My concern is no thermal/capillary break between the steel track/concrete floor. Also steel studs are a poor choice in basements for two reasons; moisture/steel don't get along well, insulating with f.g. batt leaves air chutes for convective looping due to the flanges of the stud design; http://www.diychatroom.com/f98/how-buy-choose-fiberglass-insulation-90438/
Hopefully you have foam board with no poly on the concrete and use ADA when installing the drywall; http://www.buildingscience.com/documents/information-sheets/5-thermal-control/basement-insulation

http://www.buildingscience.com/docu...rs/air-barriers2014airtight-drywall-approach/
If using a sill sealer under the track (recommended), attach every 32"on center stud to the concrete wall with a bracket to prevent movement.

Gary
Gary


----------



## nap (Dec 4, 2007)

typically I see carpenters use powder actuated pins (such as the Ramset pins used previously) to attach a steel track to concrete. If that penetration is a concern, your pipes must be very close to the surface. 
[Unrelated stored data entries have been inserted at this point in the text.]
lemma stays_within_rev:
  assumes "stays_within y A x s" and "\<And>z. z \<in> A \<Longrightarrow> c - z \<in> B"
  shows "stays_within y B (c - (x + displacement y s)) (rev s)"
  unfolding stays_within_def
proof safe
  fix k assume "k \<le> length (rev s)"
  then have "x + displacement y (take (length s - k) s) \<in> A"
    using assms(1) by (simp add: stays_within_def)
  moreover have "displacement y s = displacement y (take (length s - k) s) + displacement y (drop (length s - k) s)"
    by (metis displacement_simps(3) append_take_drop_id)
  ultimately show "c - (x + displacement y s) + displacement y (take k (rev s)) \<in> B"
    using assms(2) by (simp add: take_rev algebra_simps)
qed

lemma absorbed_left_iff_snoc:
  assumes "1 \<le> i"
  shows "absorbed_left y m i s \<longleftrightarrow>
         (\<exists>s1. s = s1 @ [False] \<and> stays_within y {1..m - 1} (int i) s1 \<and>
               int i + displacement y s1 = 1)" (is "_ \<longleftrightarrow> ?snoc")
proof
  assume left: "absorbed_left y m i s"
  then have "s \<noteq> []"
    using assms by (auto simp: absorbed_left_def)
  then obtain s1 b where s: "s = s1 @ [b]"
    by (metis append_butlast_last_id)
  have inside: "stays_within y {1..m - 1} (int i) s1"
    using left by (auto simp: absorbed_left_def stays_within_def s)
  then have "int i + displacement y s1 \<ge> 1"
    by (auto simp: stays_within_def)
  with left show ?snoc
    using inside by (auto simp: absorbed_left_def s split: if_splits)
next
  assume ?snoc
  then show "absorbed_left y m i s"
    by (auto simp: absorbed_left_def stays_within_def)
qed

lemma walk_pos_eq_displacement: "walk_pos y m s = m - 1 + displacement y s"
  by (simp add: walk_pos_def displacement_def)

text \<open>A -1 step cannot jump over 0 and a +y step cannot jump over {m..m+y-1}.\<close>

lemma inside_before_absorption:
  assumes "m \<ge> 2" and avoid: "\<forall>t < length s. walk_pos y m (take t s) \<notin> absorbing y m"
    and "t < length s"
  shows "walk_pos y m (take t s) \<in> {1..m - 1}"
  using \<open>t < length s\<close>
proof (induction t)
  case 0
  then show ?case
    using \<open>m \<ge> 2\<close> by (simp add: walk_pos_eq_displacement)
next
  case (Suc t)
  have "walk_pos y m (take (Suc t) s) = walk_pos y m (take t s) + (if s ! t then int y else -1)"
    using Suc.prems by (simp add: take_Suc_conv_app_nth walk_pos_eq_displacement)
  moreover have "walk_pos y m (take (Suc t) s) \<notin> absorbing y m"
    using avoid Suc.prems by blast
  ultimately show ?case
    using Suc by (auto simp: absorbing_def split: if_splits)
qed
(* Let $f:\mathbb{R}^n\times\mathbb{R}^m\to\mathbb{R}^n$ be a polynomial map and let $\boldsymbol\psi:\mathbb{R}^n\to\mathbb{R}^m$ be a function whose graph admits the representation \[ \{(x,\boldsymbol\psi(x)) : x\in\mathbb{R}^n\} = \{(x,u)\in\mathbb{R}^n\times\mathbb{R}^m \mid \exists\,\lambda\in\mathbb{R}^{n_\lambda}\ \text{s.t.}\ g(x,u,\lambda)\ge 0,\ h(x,u,\lambda)=0\} \] for some vector-valued polynomial maps $g,h$ (inequalities componentwise). Consider the closed-loop system $x_{k+1} = f(x_k,\boldsymbol\psi(x_k))$. Let \[ \mathbf{K} = \{(x,u,\lambda,x^+,u^+,\lambda^+) \mid x^+ = f(x,u),\ g(x,u,\lambda)\ge 0,\ h(x,u,\lambda)=0,\ g(x^+,u^+,\lambda^+)\ge 0,\ h(x^+,u^+,\lambda^+)=0\}. \] Suppose a continuous function $V:\mathbb{R}^n\times\mathbb{R}^m\times\mathbb{R}^{n_\lambda}\to\mathbb{R}$ satisfies, for all $(x,u,\lambda,x^+,u^+,\lambda^+)\in\mathbf{K}$, \[ V(x^+,u^+,\lambda^+) - V(x,u,\lambda) \le -\|x\|_2^2, \qquad V(x,u,\lambda)\ge 0. \] Then: (1) the closed-loop system is globally attractive, i.e., $x_k\to 0$ for every initial condition $x_0$; (2) if in addition the function $x\mapsto \inf\{\|u\|_2+\|\lambda\|_2 \mid g(x,u,\lambda)\ge 0,\ h(x,u,\lambda)=0\}$ is bounded on some neighborhood of the origin, or $V$ does not depend on $(u,\lambda)$, then the closed-loop system is globally asymptotically stable.
   Context: The closed-loop system $x^+=f(x,\boldsymbol\psi(x))$ is called globally asymptotically stable if (i) for all initial conditions $x_0$, $\lim_{k\to\infty}x_k = 0$ (global attractivity), and (ii) for every $\epsilon>0$ there exists $\delta>0$ such that $\|x_0\|_2\le\delta$ implies $\|x_k\|_2\le\epsilon$ for all $k$ (Lyapunov stability). *)

theory Defs
  imports "HOL-Analysis.Analysis"
begin

inductive poly_fun :: "('a::euclidean_space \<Rightarrow> real) \<Rightarrow> bool" where
  poly_const: "poly_fun (\<lambda>x. c)"
| poly_lin:   "poly_fun (\<lambda>x. x \<bullet> b)"
| poly_add:   "poly_fun p \<Longrightarrow> poly_fun q \<Longrightarrow> poly_fun (\<lambda>x. p x + q x)"
| poly_mult:  "poly_fun p \<Longrightarrow> poly_fun q \<Longrightarrow> poly_fun (\<lambda>x. p x * q x)"

definition poly_map :: "('a::euclidean_space \<Rightarrow> 'b::euclidean_space) \<Rightarrow> bool" where
  "poly_map F \<longleftrightarrow> (\<forall>b\<in>Basis. poly_fun (\<lambda>x. F x \<bullet> b))"
lemma tendsto_exp_banach:
  fixes a :: "'b \<Rightarrow> 'a::{real_normed_algebra_1,banach}"
  assumes "(a \<longlongrightarrow> A) F"
  shows "((\<lambda>n. exp (a n)) \<longlongrightarrow> exp A) F"
proof -
  have "\<forall>\<^sub>F n in F. norm (a n) < norm A + 1"
    using order_tendstoD(2)[OF tendsto_norm[OF assms]] by simp
  then have "\<forall>\<^sub>F n in F. norm (exp (a n) - exp A) \<le> norm (a n - A) * exp (2 * (2 + 2 * norm A))"
  proof eventually_elim
    case (elim n)
    have "norm (exp (a n) - exp A) \<le> norm (a n - A) * exp (2 * (1 + norm A + norm (a n)))"
      by (rule norm_exp_diff_le)
    also have "\<dots> \<le> norm (a n - A) * exp (2 * (2 + 2 * norm A))"
      using elim by (intro mult_left_mono) auto
    finally show ?case .
  qed
  moreover have "((\<lambda>n. norm (a n - A) * exp (2 * (2 + 2 * norm A))) \<longlongrightarrow> 0) F"
    using assms by (intro tendsto_mult_left_zero) (simp add: tendsto_norm_zero_iff LIM_zero)
  ultimately have "((\<lambda>n. exp (a n) - exp A) \<longlongrightarrow> 0) F"
    by (rule Lim_null_comparison)
  then show ?thesis
    by (simp add: LIM_zero_iff)
qed

lemma exp_scaleR_of_nat:
  fixes x :: "'a::{real_normed_algebra_1,banach}"
  shows "exp (real n *\<^sub>R x) = exp x ^ n"
proof (induction n)
  case (Suc n)
  have "exp (real (Suc n) *\<^sub>R x) = exp (x + real n *\<^sub>R x)"
    by (simp add: algebra_simps)
  also have "\<dots> = exp x * exp (real n *\<^sub>R x)"
    by (rule exp_add_commuting) (simp add: algebra_simps)
  finally show ?case
    using Suc by simp
qed simp

lemma norm_one_plus_power_minus_exp_le:
  fixes b :: "'a::{real_normed_algebra_1,banach}"
  shows "norm ((1 + b) ^ n - exp (real n *\<^sub>R b)) \<le> real n * norm b ^ 2 * exp (real (Suc n) * norm b)"
proof -
  define M where "M = exp (norm b)"
  have "norm (1 + b) \<le> M"
    using norm_triangle_ineq[of 1 b] exp_ge_add_one_self[of "norm b"]
    by (simp add: M_def del: exp_ge_add_one_self)
  moreover have "norm (exp b) \<le> M"
    unfolding M_def by (rule norm_exp)
  ultimately have "norm ((1 + b) ^ n - exp b ^ n) \<le> real n * M ^ n * norm (1 + b - exp b)"
    by (rule norm_power_diff_le) (simp add: M_def)
  also have "norm (1 + b - exp b) = norm (exp b - 1 - b)"
    by (metis minus_diff_eq norm_minus_cancel diff_diff_eq2 add.commute)
  also have "real n * M ^ n * norm (exp b - 1 - b) \<le> real n * M ^ n * (norm b ^ 2 * M)"
    using norm_exp_minus_one_minus_le[of b] by (intro mult_left_mono) (auto simp: M_def)
  also have "\<dots> = real n * norm b ^ 2 * exp (real (Suc n) * norm b)"
    by (simp add: M_def exp_of_nat_mult[symmetric] exp_add[symmetric] algebra_simps)
  finally show ?thesis
    by (simp add: exp_scaleR_of_nat)
qed

lemma tendsto_one_plus_div_power_exp:
  fixes a :: "nat \<Rightarrow> 'a::{real_normed_algebra_1,banach}"
  assumes lim: "a \<longlonglongrightarrow> A"
  shows "(\<lambda>n. (1 + a n /\<^sub>R real n) ^ n) \<longlonglongrightarrow> exp A"
proof -
  obtain C where C: "C > 0" "\<And>n. norm (a n) \<le> C"
    using lim by (metis BseqE convergent_def convergent_imp_Bseq)
  have bound: "norm ((1 + a n /\<^sub>R real n) ^ n - exp (a n)) \<le> C ^ 2 * exp (2 * C) / real n"
    if n: "n > 0" for n
  proof -
    have nb: "norm (a n /\<^sub>R real n) = norm (a n) / real n"
      by (simp add: divide_inverse mult.commute)
    have "norm ((1 + a n /\<^sub>R real n) ^ n - exp (a n))
        \<le> real n * (norm (a n) / real n) ^ 2 * exp (real (Suc n) * (norm (a n) / real n))"
      using norm_one_plus_power_minus_exp_le[of "a n /\<^sub>R real n" n] n by (simp only: nb) simp
    also have "\<dots> = norm (a n) ^ 2 / real n * exp ((1 + 1 / real n) * norm (a n))"
      using n by (simp add: power2_eq_square field_simps)
    also have "\<dots> \<le> C ^ 2 / real n * exp (2 * C)"
    proof (intro mult_mono divide_right_mono power_mono)
      have "(1 + 1 / real n) * norm (a n) \<le> 2 * C"
        using n C(2)[of n] by (intro mult_mono) (auto simp: field_simps)
      then show "exp ((1 + 1 / real n) * norm (a n)) \<le> exp (2 * C)"
        by simp
    qed (use C(2) in auto)
    finally show ?thesis
      by simp
  qed
  have "(\<lambda>n. (1 + a n /\<^sub>R real n) ^ n - exp (a n)) \<longlonglongrightarrow> 0"
  proof (rule Lim_null_comparison)
    show "\<forall>\<^sub>F n in sequentially. norm ((1 + a n /\<^sub>R real n) ^ n - exp (a n)) \<le> C ^ 2 * exp (2 * C) / real n"
      using eventually_gt_at_top[of 0] by (rule eventually_mono) (rule bound)
  qed (rule lim_const_over_n)
  from tendsto_add[OF this tendsto_exp_banach[OF lim]] show ?thesis
    by simp
qed


section \<open>Matrices and the sesquilinear form\<close>

lemma scaleR_complex: "r *\<^sub>R (z::complex) = of_real r * z"
  by (rule scaleR_conv_of_real)

lemma matrix_add_rdistrib: "((A::'n::finite cmat) + B) ** C = A ** C + B ** C"
  by (simp add: vec_eq_iff matrix_matrix_mult_def sum.distrib distrib_right)

lemma matrix_diff_rdistrib: "((A::'n::finite cmat) - B) ** C = A ** C - B ** C"
  by (simp add: vec_eq_iff matrix_matrix_mult_def sum_subtractf left_diff_distrib)

lemma matrix_diff_ldistrib: "(A::'n::finite cmat) ** (B - C) = A ** B - A ** C"
  by (simp add: vec_eq_iff matrix_matrix_mult_def sum_subtractf right_diff_distrib)

lemma matrix_scaleR_mult_left: "(r *\<^sub>R (A::'n::finite cmat)) ** B = r *\<^sub>R (A ** B)"
  by (rule scalar_matrix_assoc[symmetric])

lemma matrix_scaleR_mult_right: "(A::'n::finite cmat) ** (r *\<^sub>R B) = r *\<^sub>R (A ** B)"
  by (simp add: matrix_scalar_ac scalar_matrix_assoc)

lemma matrix_scaleR_mv: "(r *\<^sub>R (A::'n::finite cmat)) *v x = r *\<^sub>R (A *v x)"
  by (simp add: vec_eq_iff matrix_vector_mult_def sum_distrib_left vector_scaleR_component scaleR_complex mult.assoc)

lemma matrix_mv_scaleR: "(A::'n::finite cmat) *v (r *\<^sub>R x) = r *\<^sub>R (A *v x)"
  by (simp add: vec_eq_iff matrix_vector_mult_def sum_distrib_left vector_scaleR_component scaleR_complex mult.left_commute)

lemma matrix_mv_smult: "(A::'n::finite cmat) *v (c *s x) = c *s (A *v x)"
  by (simp add: vec_eq_iff matrix_vector_mult_def sum_distrib_left mult.left_commute)

lemma trace_scaleR: "trace (r *\<^sub>R (A::'n::finite cmat)) = of_real r * trace A"
  by (simp add: trace_def sum_distrib_left vector_scaleR_component scaleR_complex)

lemma adjoint_mult: "adjoint ((A::'n::finite cmat) ** B) = adjoint B ** adjoint A"
  by (simp add: vec_eq_iff adjoint_def matrix_matrix_mult_def mult.commute)

lemma adjoint_add: "adjoint ((A::'n::finite cmat) + B) = adjoint A + adjoint B"
  by (simp add: vec_eq_iff adjoint_def)

lemma adjoint_scaleR: "adjoint (r *\<^sub>R (A::'n::finite cmat)) = r *\<^sub>R adjoint A"
  by (simp add: vec_eq_iff adjoint_def vector_scaleR_component scaleR_complex)
lemma integral_shifted_square:
  fixes \<phi> :: "'b \<Rightarrow> real"
  assumes "prob_space M" "integrable M \<phi>" "integrable M (\<lambda>t. (\<phi> t)\<^sup>2)"
  shows "(\<integral>t. (\<phi> t + c)\<^sup>2 \<partial>M) =
    ((\<integral>t. \<phi> t \<partial>M) + c)\<^sup>2 + ((\<integral>t. (\<phi> t)\<^sup>2 \<partial>M) - (\<integral>t. \<phi> t \<partial>M)\<^sup>2)"
proof -
  interpret prob_space M by fact
  have "(\<lambda>t. (\<phi> t + c)\<^sup>2) = (\<lambda>t. (\<phi> t)\<^sup>2 + 2 * c * \<phi> t + c\<^sup>2)"
    by (simp add: power2_eq_square algebra_simps)
  then have "(\<integral>t. (\<phi> t + c)\<^sup>2 \<partial>M) = (\<integral>t. (\<phi> t)\<^sup>2 \<partial>M) + 2 * c * (\<integral>t. \<phi> t \<partial>M) + c\<^sup>2"
    using assms(2,3) by (simp add: prob_space)
  then show ?thesis by (simp add: power2_eq_square algebra_simps)
qed

lemma iter_int_quadratic:
  fixes \<phi> :: "nat \<Rightarrow> 'a::real_vector \<Rightarrow> real"
  assumes M: "prob_space M" and lin: "\<And>j. j < m \<Longrightarrow> linear (\<phi> j)"
    and int1: "\<And>j. j < m \<Longrightarrow> integrable M (\<phi> j)"
    and int2: "\<And>j. j < m \<Longrightarrow> integrable M (\<lambda>t. (\<phi> j t)\<^sup>2)"
  shows "iter_int M k (\<lambda>s. \<alpha> + \<beta> * (\<Sum>j<m. (\<phi> j s + b j)\<^sup>2)) =
    \<alpha> + \<beta> * (\<Sum>j<m. (real k * (\<integral>t. \<phi> j t \<partial>M) + b j)\<^sup>2
      + real k * ((\<integral>t. (\<phi> j t)\<^sup>2 \<partial>M) - (\<integral>t. \<phi> j t \<partial>M)\<^sup>2))"
proof (induction k arbitrary: b)
  case 0
  then show ?case by (simp add: linear_0[OF lin])
next
  case (Suc k)
  interpret prob_space M by fact
  define mean where "mean j = (\<integral>t. \<phi> j t \<partial>M)" for j
  define var where "var j = (\<integral>t. (\<phi> j t)\<^sup>2 \<partial>M) - (mean j)\<^sup>2" for j
  define Q where "Q t = (\<Sum>j<m. (\<phi> j t + (real k * mean j + b j))\<^sup>2 + real k * var j)" for t
  have "iter_int M k (\<lambda>s. \<alpha> + \<beta> * (\<Sum>j<m. (\<phi> j (t + s) + b j)\<^sup>2)) = \<alpha> + \<beta> * Q t" for t
  proof -
    have "iter_int M k (\<lambda>s. \<alpha> + \<beta> * (\<Sum>j<m. (\<phi> j (t + s) + b j)\<^sup>2)) =
          iter_int M k (\<lambda>s. \<alpha> + \<beta> * (\<Sum>j<m. (\<phi> j s + (\<phi> j t + b j))\<^sup>2))"
      using lin by (intro arg_cong[where f="iter_int M k"] ext sum.cong
          arg_cong[where f="\<lambda>x. \<alpha> + \<beta> * x"]) (auto simp: linear_add algebra_simps)
    also have "\<dots> = \<alpha> + \<beta> * (\<Sum>j<m. (real k * mean j + (\<phi> j t + b j))\<^sup>2 + real k * var j)"
      unfolding mean_def var_def by (rule Suc.IH)
    also have "\<dots> = \<alpha> + \<beta> * Q t"
      unfolding Q_def by (simp add: add_ac)
    finally show ?thesis .
  qed
  moreover have "integrable M Q"
  proof -
    have "(\<lambda>t. (\<phi> j t + c)\<^sup>2) = (\<lambda>t. (\<phi> j t)\<^sup>2 + 2 * c * \<phi> j t + c\<^sup>2)" for j c
      by (simp add: power2_eq_square algebra_simps)
    then show ?thesis
      unfolding Q_def using int1 int2 by (auto intro!: Bochner_Integration.integrable_sum)
  qed
  ultimately have "iter_int M (Suc k) (\<lambda>s. \<alpha> + \<beta> * (\<Sum>j<m. (\<phi> j s + b j)\<^sup>2)) = \<alpha> + \<beta> * (\<integral>t. Q t \<partial>M)"
    by (simp add: prob_space)
  also have "(\<integral>t. Q t \<partial>M) = (\<Sum>j<m. (real (Suc k) * mean j + b j)\<^sup>2 + real (Suc k) * var j)"
    unfolding Q_def using int1 int2
    by (simp add: integral_shifted_square[OF M] mean_def[symmetric] var_def prob_space
        power2_eq_square algebra_simps)
  finally show ?case by (simp add: mean_def var_def)
qed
If it might jeopardize the warranty, I would tend to stay away from them though.

Since this is only a 2 foot section, I would take a piece of track, cut it 4-6 inches longer than the space to be filled. Then cut the wide part of the track so you would have tabs remaining on each end (that's the 2-3 inches per end) and overlap the existing track and use tek screws to attach it to the existing track.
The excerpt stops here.